Hi everyone. I'm hoping someone may be able to help me.

I started the van this morning to warm it up and didn't realise that the wipers had been left on from last time and were frozen solid to the windscreen. I turned them off, but when I tried to use them later they would only work on fast. The intermittent and normal speed did not work at all. The setting where you can do one pass manually also works.

Coincidentally I happened to be at the Peugeot dealer today (Days at Swansea) because of a recall about something to do with the spare wheel fixing system (which is all fine btw) and mentioned it to the receptionist. They looked at it and she came back and mumbled something about the motor being blown and we needed a new one which will cost £242 not including labour and wouldn't be covered by warranty. The van is just under 2 years old.

I am not very mechanically minded, but how can the motor be blown and the wipers still work on some settings? I could understand that some nylons gears could be stripped or something, but the whole thing knackered?
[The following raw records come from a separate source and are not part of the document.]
section \<open>Cyclotomic integers\<close>

(* For M = 0 this is just Z, since e (1 / 0) = e 0 = 1. *)
definition cyclotomic_integers :: "nat \<Rightarrow> complex set" where
  "cyclotomic_integers M = range (\<lambda>H. ipoly H (e (1 / real M)))"

lemma ipoly_in_cyclotomic_integers: "ipoly H (e (1 / real M)) \<in> cyclotomic_integers M"
  unfolding cyclotomic_integers_def by blast

lemma cyclotomic_integersE:
  assumes "x \<in> cyclotomic_integers M"
  obtains H where "x = ipoly H (e (1 / real M))"
  using assms unfolding cyclotomic_integers_def by blast

lemma cyclotomic_integers_add:
  assumes "x \<in> cyclotomic_integers M" "y \<in> cyclotomic_integers M"
  shows "x + y \<in> cyclotomic_integers M"
proof -
  obtain F G where "x = ipoly F (e (1 / real M))" "y = ipoly G (e (1 / real M))"
    using assms by (elim cyclotomic_integersE)
  then have "x + y = ipoly (F + G) (e (1 / real M))"
    by simp
  then show ?thesis
    by (simp only: ipoly_in_cyclotomic_integers)
qed

lemma cyclotomic_integers_mult:
  assumes "x \<in> cyclotomic_integers M" "y \<in> cyclotomic_integers M"
  shows "x * y \<in> cyclotomic_integers M"
proof -
  obtain F G where "x = ipoly F (e (1 / real M))" "y = ipoly G (e (1 / real M))"
    using assms by (elim cyclotomic_integersE)
  then have "x * y = ipoly (F * G) (e (1 / real M))"
    by simp
  then show ?thesis
    by (simp only: ipoly_in_cyclotomic_integers)
qed

lemma of_int_in_cyclotomic_integers: "of_int k \<in> cyclotomic_integers M"
  using ipoly_in_cyclotomic_integers[of "[:k:]" M] by simp

lemma cyclotomic_integers_sum:
  "(\<And>x. x \<in> S \<Longrightarrow> f x \<in> cyclotomic_integers M) \<Longrightarrow> sum f S \<in> cyclotomic_integers M"
  by (induction S rule: infinite_finite_induct)
    (auto intro: cyclotomic_integers_add of_int_in_cyclotomic_integers[of 0, simplified])

lemma cyclotomic_integers_prod:
  "(\<And>x. x \<in> S \<Longrightarrow> f x \<in> cyclotomic_integers M) \<Longrightarrow> prod f S \<in> cyclotomic_integers M"
  by (induction S rule: infinite_finite_induct)
    (auto intro: cyclotomic_integers_mult of_int_in_cyclotomic_integers[of 1, simplified])

lemma e_in_cyclotomic_integers: "e (of_int k / of_nat M) \<in> cyclotomic_integers M"
proof (cases "M = 0")
  case True
  then show ?thesis
    using of_int_in_cyclotomic_integers[of 1 M] by simp
next
  case False
  define r where "r = nat (k mod int M)"
  have "e (of_int k / of_nat M) = e (of_nat r / of_nat M)"
    using False e_int_divide_mod[of M k] by (simp add: r_def)
  also have "\<dots> = ipoly (monom 1 r) (e (1 / real M))"
    by (simp add: e_power poly_monom)
  finally show ?thesis
    by (simp only: ipoly_in_cyclotomic_integers)
qed

lemma cyclotomic_integers_mono:
  assumes "d dvd M" "M \<noteq> 0"
  shows "cyclotomic_integers d \<subseteq> cyclotomic_integers M"
proof
  fix x assume "x \<in> cyclotomic_integers d"
  then obtain H where H: "x = ipoly H (e (1 / real d))"
    by (rule cyclotomic_integersE)
  obtain R where "M = d * R"
    using assms(1) ..
  with assms(2) have "e (1 / real d) = e (1 / real M) ^ R"
    by (simp add: e_power)
  then have "x = ipoly (H \<circ>\<^sub>p monom 1 R) (e (1 / real M))"
    by (simp add: H poly_monom)
  then show "x \<in> cyclotomic_integers M"
    by (simp only: ipoly_in_cyclotomic_integers)
qed

lemma det_in_cyclotomic_integers:
  assumes "A \<in> carrier_mat n n" "\<And>i j. i < n \<Longrightarrow> j < n \<Longrightarrow> A $$ (i, j) \<in> cyclotomic_integers M"
  shows "det A \<in> cyclotomic_integers M"
  unfolding det_def'[OF assms(1)]
proof (intro cyclotomic_integers_sum cyclotomic_integers_mult of_int_in_cyclotomic_integers
    cyclotomic_integers_prod)
  fix \<pi> i assume "\<pi> \<in> {\<pi>. \<pi> permutes {0..<n}}" "i \<in> {0..<n}"
  then show "A $$ (i, \<pi> i) \<in> cyclotomic_integers M"
    using assms(2) by (simp add: permutes_in_image)
qed

lemma cofactor_in_cyclotomic_integers:
  assumes "A \<in> carrier_mat (Suc n) (Suc n)" "i < Suc n" "j < Suc n"
    and "\<And>i' j'. i' < Suc n \<Longrightarrow> j' < Suc n \<Longrightarrow> j' \<noteq> j \<Longrightarrow> A $$ (i', j') \<in> cyclotomic_integers M"
  shows "cofactor A i j \<in> cyclotomic_integers M"
proof -
  have "det (mat_delete A i j) \<in> cyclotomic_integers M"
    using assms by (intro det_in_cyclotomic_integers[of _ n]) (auto simp: mat_delete_def)
  then show ?thesis
    unfolding cofactor_def
    using cyclotomic_integers_mult of_int_in_cyclotomic_integers[of "(- 1) ^ (i + j)"] by simp
qed

section \<open>Linear independence of the powers of a prime root of unity\<close>

lemma ipoly_lift_at_conjugate:
  fixes H :: "nat \<Rightarrow> int poly"
  assumes M: "M \<noteq> 0" and q: "q \<noteq> 0" and t: "[t = 1] (mod M)" "[t = c] (mod q)"
  shows "ipoly (\<Sum>b\<in>B. (H b \<circ>\<^sub>p monom 1 q) * monom 1 (M * b)) (e (1 / real (M * q)) ^ t)
    = (\<Sum>b\<in>B. ipoly (H b) (e (1 / real M)) * e (of_nat (c * b) / of_nat q))"
proof -
  define z where "z = e (1 / real (M * q))"
  have "(z ^ t) ^ q = e (of_nat t / of_nat M)"
    using q unfolding z_def by (simp add: e_power flip: power_mult)
  also have "\<dots> = e (1 / real M)"
    using e_nat_divide_mod[OF M, of t] e_nat_divide_mod[OF M, of 1] t(1)
    by (simp add: cong_def)
  finally have root: "(z ^ t) ^ q = e (1 / real M)" .
  have twist: "(z ^ t) ^ (M * b) = e (of_nat (c * b) / of_nat q)" for b
  proof -
    have "(z ^ t) ^ (M * b) = e (of_nat (t * b) / of_nat q)"
      using M unfolding z_def by (simp add: e_power mult.commute flip: power_mult)
    also have "\<dots> = e (of_nat (c * b) / of_nat q)"
      using e_nat_divide_mod[OF q, of "t * b"] e_nat_divide_mod[OF q, of "c * b"] t(2)
      by (simp add: cong_def mod_mult_left_eq[of t, symmetric] mod_mult_left_eq[of c, symmetric])
    finally show ?thesis .
  qed
  show ?thesis
    unfolding z_def[symmetric] by (simp add: poly_monom root twist)
qed

lemma cyclotomic_integer_combination_eq_0:
  assumes M: "M \<noteq> 0" and q: "prime q" "\<not> q dvd M"
    and y: "\<And>b. b \<in> {1..q-1} \<Longrightarrow> y b \<in> cyclotomic_integers M"
    and combination: "(\<Sum>b\<in>{1..q-1}. y b * e (of_nat b / of_nat q)) = 0"
    and b: "b \<in> {1..q-1}"
  shows "y b = 0"
proof -
  have q1: "q > 1"
    using q(1) prime_gt_1_nat by blast
  have "\<forall>b\<in>{1..q-1}. \<exists>H. y b = ipoly H (e (1 / real M))"
    using y unfolding cyclotomic_integers_def by blast
  then obtain H where H: "\<And>b. b \<in> {1..q-1} \<Longrightarrow> y b = ipoly (H b) (e (1 / real M))"
    by metis
  \<comment> \<open>With \<open>\<zeta> = e (1 / (M * q))\<close> we have \<open>\<zeta>\<^sup>q = e (1 / M)\<close> and \<open>\<zeta>\<^sup>M = e (1 / q)\<close>, so \<open>G(\<zeta>)\<close> is the given combination.\<close>
  define G where "G = (\<Sum>b\<in>{1..q-1}. (H b \<circ>\<^sub>p monom 1 q) * monom 1 (M * b))"
  have conjugate: "ipoly G (e (1 / real (M * q)) ^ t)
      = (\<Sum>b\<in>{1..q-1}. y b * e (of_nat (c * b) / of_nat q))"
    if "[t = 1] (mod M)" "[t = c] (mod q)" for t c
    using ipoly_lift_at_conjugate[OF M _ that, of H "{1..q-1}"] q1 H unfolding G_def by simp
  have "(\<Sum>b\<in>{1..q-1}. y b * e (of_nat (c * b) / of_nat q)) = 0" if c: "c \<in> {1..q-1}" for c
  proof -
    have "coprime M q"
      using q prime_imp_coprime[of q M] by (simp add: ac_simps)
    then obtain t where t: "[t = 1] (mod M)" "[t = c] (mod q)"
      using binary_chinese_remainder_nat by blast
    have "\<not> q dvd c"
      using c by (auto dest: dvd_imp_le)
    then have "coprime c q"
      using q(1) prime_imp_coprime[of q c] by (simp add: ac_simps)
    then have "coprime t (M * q)"
      using cong_imp_coprime[OF cong_sym[OF t(1)]] cong_imp_coprime[OF cong_sym[OF t(2)]] by simp
    moreover have "e (1 / real (M * q)) ^ (M * q) = 1"
      using M q1 e_of_nat[of 1] by (simp add: e_power)
    moreover have "ipoly G (e (1 / real (M * q))) = 0"
      using conjugate[of 1 1] combination by simp
    ultimately have "ipoly G (e (1 / real (M * q)) ^ t) = 0"
      using M q1 by (intro int_poly_root_of_unity_power_coprime[of _ "M * q"]) simp_all
    with conjugate[OF t] show ?thesis
      by simp
  qed
  then show ?thesis
    using q1 b by (intro all_twisted_sums_zero_imp_zero[of q y]) simp_all
qed

lemma cyclotomic_integer_combination_inj_eq_0:
  assumes M: "M \<noteq> 0" and q: "prime q" "\<not> q dvd M" and I: "finite I"
    and g: "inj_on g I" "g ` I \<subseteq> {1..q-1}"
    and w: "\<And>x. x \<in> I \<Longrightarrow> w x \<in> cyclotomic_integers M"
    and combination: "(\<Sum>x\<in>I. w x * e (of_nat (g x) / of_nat q)) = 0"
    and x: "x \<in> I"
  shows "w x = 0"
proof -
  define y where "y b = (\<Sum>x'\<in>{x'\<in>I. g x' = b}. w x')" for b
  have "(\<Sum>b\<in>{1..q-1}. y b * e (of_nat b / of_nat q))
      = (\<Sum>b\<in>{1..q-1}. \<Sum>x'\<in>{x'\<in>I. g x' = b}. w x' * e (of_nat (g x') / of_nat q))"
    unfolding y_def sum_distrib_right by (intro sum.cong refl) auto
  also have "\<dots> = 0"
    using I g(2) combination by (subst sum.group) auto
  finally have "y (g x) = 0"
    using M q g(2) x w unfolding y_def
    by (intro cyclotomic_integer_combination_eq_0[where y = y, unfolded y_def])
      (auto intro!: cyclotomic_integers_sum)
  moreover have "{x'\<in>I. g x' = g x} = {x}"
    using g(1) x by (auto dest: inj_onD)
  ultimately show ?thesis
    unfolding y_def by simp
qed

lemma mult_mod_prime_permutes:
  fixes c :: nat
  assumes "prime q" "\<not> q dvd c"
  shows "inj_on (\<lambda>a. c * a mod q) {1..q-1}" "(\<lambda>a. c * a mod q) ` {1..q-1} \<subseteq> {1..q-1}"
proof -
  have "coprime c q"
    using assms prime_imp_coprime[of q c] by (simp add: ac_simps)
  then show "inj_on (\<lambda>a. c * a mod q) {1..q-1}"
    by (intro inj_onI) (auto simp: cong_def[symmetric] cong_mult_lcancel_nat
        dest: cong_less_modulus_unique_nat)
  have "c * a mod q \<in> {1..q-1}" if "a \<in> {1..q-1}" for a
  proof -
    have "\<not> q dvd a"
      using that by (auto dest: dvd_imp_le)
    with assms have "c * a mod q \<noteq> 0"
      by (simp add: mod_eq_0_iff_dvd prime_dvd_mult_iff)
    moreover have "c * a mod q < q"
      using assms(1) by (simp add: prime_gt_0_nat)
    ultimately show ?thesis
      by auto
  qed
  then show "(\<lambda>a. c * a mod q) ` {1..q-1} \<subseteq> {1..q-1}"
    by blast
qed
She also said that if it had failed in use that it would have been covered by the warranty, but because I mentioned the ice that it wouldn't. That hardly seems fair. It's not as if it was my fault. It's not as if they tell you to turn off your wipers everytime you leave the vehicle just in case it snows. I'm thinking of taking it to the dealers in the next town and just telling them it happened as I was driving along!! 

Also on the quote she handed me for the part it says it is called a N/STOCK CONROD ASSY £201.85 +vat. Does that even sound like the right part or price? 

I'm going to have a look at it in the morning before booking it in, but does anyone have any thoughts?

Thankyou


----------



## Deleted member 3270 (Jan 31, 2012)

brettandsandra said:


> Hi everyone. I'm hoping someone may be able to help me.
> 
> I started the van this morning to warm it up and didn't realise that the wipers had been left on from last time and were frozen solid to the windscreen. I turned them off, but when I tried to use them later they would only work on fast. The intermittent and normal speed did not work at all. The setting where you can do one pass manually also works.
> 
> ...



sounds to me that is blown a resistor in the wiper motor unit itself and can only be rectified by changing the full unit maybe you can get a second hand unit ?


----------



## Techno100 (Jan 31, 2012)

Take it to another dealer and DONT mention the ice


----------



## brettandsandra (Feb 1, 2012)

basildog said:


> Yes I would just act dumb



Now that is something I can do!


Thanks for the feedback everyone.

I've got it booked in with another Peugeot dealer tomorrow and the guy seems to think it should be covered by the warranty.

Didn't mention the ice!!!


If I don't get any joy there, it will be down the local garage and a second hand part from the scrap yard. Starting to cut things a bit fine. Got a ferry crossing to Santander booked for the 14th.


----------



## arc (Feb 1, 2012)

*relay switch*

hi brett had the same thing hapened to me on a ldv convoy peugeot engine it turned out to be the wiper relay switch £15.00ish the relay switches are inside above the passenger wheel arch under dash good luck


----------



## veedubmatt (Feb 1, 2012)

it should not be the motor as it works on one speed first thing i would do is check the wiper relay im sure the relay tells the motor what to do ie fast/slow


----------